(* Let $\Phi_p\in\mathbb{R}^{n\times d}$ be fixed with $\hat\Sigma:=\tfrac1n\Phi_p^\top\Phi_p=\mathrm{diag}(\sigma_1^2,\dots,\sigma_d^2)$, all $\sigma_j^2>0$. Suppose $Y_p=\Phi_p\beta_0+\epsilon$ with $\beta_0\in\mathbb{R}^d$ and $\epsilon\in\mathbb{R}^n$ having i.i.d. entries of mean $0$ and variance $\sigma^2$. Let $\mu\in\mathbb{R}^{1\times d}$ be a fixed target mean vector (the population target feature mean $\mathbb{E}[\Phi_q]$), let $\lambda,\delta\ge0$, let $\hat\beta^\lambda:=(\hat\Sigma+\lambda I)^{-1}\Phi_p^\top Y_p/n$, let $\hat v:=\mu(\hat\Sigma+\delta I)^{-1}\Phi_p^\top/n$, and consider the augmented estimator $\hat\psi:=\mu\hat\beta^\lambda+\hat v(Y_p-\Phi_p\hat\beta^\lambda)$ of $\mu\beta_0$. Let $\Gamma_{\lambda,\delta}:=\mathrm{diag}(\gamma_1,\dots,\gamma_d)$ with $\gamma_j:=\frac{\delta\lambda}{\sigma_j^2+\delta+\lambda}$ (and $\gamma_j:=0$ if $\delta=\lambda=0$). Then, with expectation and variance taken over $\epsilon$, $$\big(\mathbb{E}[\hat\psi]-\mu\beta_0\big)^2=\beta_0^\top(\hat\Sigma+\Gamma_{\lambda,\delta})^{-1}\Gamma_{\lambda,\delta}\,\mu^\top\mu\,\Gamma_{\lambda,\delta}(\hat\Sigma+\Gamma_{\lambda,\delta})^{-1}\beta_0,$$ $$\mathrm{Var}(\hat\psi)=\frac{\sigma^2}{n}\,\mathrm{tr}\!\left[\hat\Sigma(\hat\Sigma+\Gamma_{\lambda,\delta})^{-1}\mu^\top\mu(\hat\Sigma+\Gamma_{\lambda,\delta})^{-1}\right].$$
   Context: This is a design-conditional analysis: $\Phi_p$ and the target mean $\mu$ are treated as fixed; only the noise $\epsilon$ is random. The hyperparameters are on the rescaled scale where ridge regression is $(\hat\Sigma+\lambda I)^{-1}\Phi_p^\top Y_p/n$. *)

theory Defs
  imports "HOL-Analysis.Analysis" "HOL-Probability.Probability"
begin

definition emp_cov :: "real^'d^'n \<Rightarrow> real^'d^'d" where
  "emp_cov Phi = (1 / real CARD('n)) *\<^sub>R (transpose Phi ** Phi)"

definition diag_mat :: "('d \<Rightarrow> real) \<Rightarrow> real^'d^'d" where
  "diag_mat f = (\<chi> i j. if i = j then f i else 0)"
lemma descent_step_odd:
  assumes "prime p" "x \<in> S" "qnorm2 x = m * p" "odd m" "1 < m" "m < p"
    and "of_int p dvd qconj x * t"
  shows "\<exists>w\<in>S. \<exists>r. 0 < r \<and> r < m \<and> qnorm2 w = r * p \<and> of_int p dvd qconj w * t"
proof -
  define y q where "y = qcmod x m" and "q = qcdiv x m"
  have y: "y = x - of_int m * q"
    by (simp add: y_def q_def eq_diff_eq qcmod_add_qcdiv)
  define w where "w = of_int p - x * qconj q"
  have "w \<in> S"
    unfolding w_def q_def using assms(2) by (intro diff_mem of_int_mem mult_mem qconj_mem qcdiv_mem)
  have xy: "x * qconj y = of_int m * w"
    unfolding y w_def by (rule mult_qconj_diff_of_int_mult[OF assms(3)])
  have "m * (p * qnorm2 y) = m * (m * qnorm2 w)"
    using arg_cong[OF xy, of qnorm2] assms(3)
    by (simp add: qnorm2_mult qnorm2_qconj qnorm2_of_int power2_eq_square ac_simps)
  then have pyw: "p * qnorm2 y = m * qnorm2 w"
    using assms(5) by simp
  have "\<not> p dvd m"
    using assms(5,6) zdvd_not_zless by simp
  then have "coprime m p"
    using prime_imp_coprime[OF assms(1)] coprime_commute by blast
  then obtain r where r: "qnorm2 y = m * r" and "qnorm2 w = r * p"
    using coprime_cross_mult_eq[OF _ pyw] assms(5) by (metis not_one_less_zero)
  moreover have "r < m"
    using qnorm2_qcmod_less[of m x] assms(4,5) r by (simp add: y_def power2_eq_square)
  moreover have "y \<noteq> 0"
  proof
    assume "y = 0"
    then have "qnorm2 x = m\<^sup>2 * qnorm2 q"
      using y by (simp add: qnorm2_mult qnorm2_of_int)
    then have "m dvd p"
      using assms(3,5) by (simp add: power2_eq_square)
    then show False
      using assms(1,5,6) by (auto simp: prime_int_iff dest!: spec[of _ m])
  qed
  then have "0 < r"
    using r assms(5) qnorm2_nonneg[of y] qnorm2_eq_0_iff[of y] by (simp add: zero_le_mult_iff)
  moreover have "of_int p dvd qconj w * t"
  proof (rule prime_dvd_of_int_mult_iquat[OF assms(1) \<open>\<not> p dvd m\<close>])
    have "of_int m * (qconj w * t) = y * (qconj x * t)"
      by (simp add: mult.assoc[symmetric] qconj_of_int_mult[symmetric] xy[symmetric] qconj_mult)
    then show "of_int p dvd of_int m * (qconj w * t)"
      using of_int_dvd_mult_left_iquat[OF assms(7)] by simp
  qed
  ultimately show ?thesis
    using \<open>w \<in> S\<close> by blast
qed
++++
Your task:
Only a number is expected here: how many lines above contain the word "moreover".

Written response:
3